My gallbladder, though? I don't miss it a bit.
10. YOU ARE UNIQUE AND MESSED UP, AND THAT'S OKAY.
The doctor said that I had a uniquely floppy gallbladder. That in the 10k+ cholecystectomies he's done, mine was the easiest, because the damn thing was barely attached.
Which, frankly, terrified me. I mean, are all my innards sub-par? Am I barely held together? Could I fly apart at any moment?

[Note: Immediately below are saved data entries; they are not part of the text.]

(* Let $f:\mathbb{R}\to\mathbb{R}$ be a $2\pi$-periodic $\mathcal{C}^{1}$ function with $\int_{0}^{2\pi}f(t)\,dt=0$ and such that $\int_{0}^{2\pi}f^{2}(t)\,dt=\int_{0}^{2\pi}f'^{2}(t)\,dt$. For each odd integer $n\geq 5$, let $X_{n}\in\mathbb{R}^{n}$ be the vector with components $x_{j,n}=f(\frac{2\pi}{n}j)$, $j=1,\dots,n$, and for $k=1,\dots,(n-1)/2$ let $P_{k}$ denote the orthogonal projection of $\mathbb{R}^{n}$ (with the standard inner product) onto the subspace $H_{k}$ spanned by the vectors $$e_{2k}=\sqrt{\tfrac{2}{n}}\left(1,\cos(\tfrac{2\pi}{n}k),\cos(\tfrac{2\pi}{n}2k),\dots,\cos(\tfrac{2\pi}{n}(n-1)k)\right),$$ $$e_{2k+1}=\sqrt{\tfrac{2}{n}}\left(0,\sin(\tfrac{2\pi}{n}k),\sin(\tfrac{2\pi}{n}2k),\dots,\sin(\tfrac{2\pi}{n}(n-1)k)\right).$$ Then, as $n\to\infty$ through odd integers, $$\lim_{n\to\infty}\frac{1}{n}\sum_{k=2}^{(n-1)/2}\|P_{k}(X_{n})\|^{2}= 0.$$
   Context: Here $\|\cdot\|$ is the Euclidean norm on $\mathbb{R}^n$. The vectors $e_{2k},e_{2k+1}$ ($k=1,\dots,(n-1)/2$), together with $e_1=\frac{1}{\sqrt n}(1,\dots,1)$, form an orthonormal basis of $\mathbb{R}^n$ for odd $n$. *)

theory Defs
  imports "HOL-Analysis.Analysis"
begin

text \<open>Vectors of R^n are represented as functions nat => real, where only the
  components with index i < n matter; index i corresponds to the paper's (i+1)-th
  component.\<close>

definition vinner :: "nat \<Rightarrow> (nat \<Rightarrow> real) \<Rightarrow> (nat \<Rightarrow> real) \<Rightarrow> real" where
  "vinner n x y = (\<Sum>i<n. x i * y i)"

definition vnorm :: "nat \<Rightarrow> (nat \<Rightarrow> real) \<Rightarrow> real" where
  "vnorm n x = sqrt (vinner n x x)"

definition span2 :: "nat \<Rightarrow> (nat \<Rightarrow> real) \<Rightarrow> (nat \<Rightarrow> real) \<Rightarrow> (nat \<Rightarrow> real) set" where
  "span2 n u v = {(\<lambda>i. if i < n then a * u i + b * v i else 0) | a b. True}"

definition orth_proj2 :: "nat \<Rightarrow> (nat \<Rightarrow> real) \<Rightarrow> (nat \<Rightarrow> real) \<Rightarrow> (nat \<Rightarrow> real) \<Rightarrow> (nat \<Rightarrow> real)" where
  "orth_proj2 n u v x = (THE p. p \<in> span2 n u v \<and>
      (\<forall>w\<in>span2 n u v. vinner n (\<lambda>i. x i - p i) w = 0))"

text \<open>Basis vectors e_{2k}, e_{2k+1} (0-based index i = paper's component i+1).\<close>
definition ecos :: "nat \<Rightarrow> nat \<Rightarrow> nat \<Rightarrow> real" where
  "ecos n k i = sqrt (2 / real n) * cos (2 * pi / real n * real i * real k)"

definition esin :: "nat \<Rightarrow> nat \<Rightarrow> nat \<Rightarrow> real" where
  "esin n k i = sqrt (2 / real n) * sin (2 * pi / real n * real i * real k)"

definition sampleX :: "(real \<Rightarrow> real) \<Rightarrow> nat \<Rightarrow> nat \<Rightarrow> real" where
  "sampleX f n i = f (2 * pi / real n * real (i + 1))"

end

theory Submission
  imports Defs
begin

(* Equality in Wirtinger's inequality forces f to be a pure first harmonic A sin (t - t0).
   Pick t0 with f t0 = f (t0 + pi) and put c = f t0: then g = f - c vanishes at t0, t0 + pi and
   t0 + 2 pi, so on each half period the Dirichlet form of Wirtinger's inequality applies; it comes
   from the identity g'^2 - g^2 = (g' - g cot)^2 + (g^2 cot)'.  Mean zero and equality make the
   total defect of g equal to -2 pi c^2, hence c = 0 and both halves are extremal, i.e. multiples
   of a sine, which are glued by matching derivatives at t0 + pi.  The samples of a first harmonic
   are orthogonal to all e_2k, e_(2k+1) with k >= 2, so every projection in the sum vanishes. *)

section \<open>Wirtinger's inequality with Dirichlet boundary conditions\<close>

lemma sin_ge_half_self:
  fixes x :: real
  assumes "0 \<le> x" "x \<le> pi / 3"
  shows "x / 2 \<le> sin x"
proof (cases "x = 0")
  case False
  with assms have "0 < x" by simp
  then obtain z where z: "0 < z" "z < x"
    and mvt: "sin x - x / 2 - (sin 0 - 0 / 2) = (x - 0) * (cos z - 1 / 2)"
    using MVT2[of 0 x "\<lambda>t. sin t - t / 2" "\<lambda>t. cos t - 1 / 2"]
    by (force intro!: derivative_eq_intros)
  have "cos (pi / 3) \<le> cos z"
    using z assms by (intro cos_monotone_0_pi_le) auto
  then have "0 \<le> x * (cos z - 1 / 2)"
    using \<open>0 < x\<close> by (simp add: cos_60)
  with mvt show ?thesis by simp
qed simp

lemma nonpos_if_le_linear_near_0:
  fixes a K \<delta> :: real
  assumes "0 < \<delta>" "\<And>e. 0 < e \<Longrightarrow> e \<le> \<delta> \<Longrightarrow> a \<le> K * e"
  shows "a \<le> 0"
proof (rule tendsto_lowerbound)
  show "((\<lambda>e. K * e) \<longlongrightarrow> 0) (at_right 0)"
    by (auto intro!: tendsto_eq_intros)
  show "\<forall>\<^sub>F e in at_right 0. a \<le> K * e"
    unfolding eventually_at_right_field using assms by (intro exI[of _ \<delta>]) auto
qed simp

But no, he assured us. There is no normal. Everyone's organs are unique. Everyone's insides are weird in different ways. And that's okay. He even let me keep the troublesome gallstone that was blocking my duct and making my life hell--and the thing is beautiful, like a faceted, polished D20. I'm kind of amazed that all my pain was caused by this glorious, horrible, scary, freaky, brilliant monster rock that I made out of cholesterol.

You have something like that inside you, too.
You have a story to tell, something unique to contribute. And you will have hard times, and writing will challenge you, and you will want to give up. But always remember that you have something no one else has. Maybe it's a floppy gallbladder or a delightful voice or an amazing ability to plot. Hell, maybe it's all of that and a bag of sparkly gallstones. Point is: Do your thang. Have a great time. Be you. Because you're awesome.
And that's totally not the painkillers talking.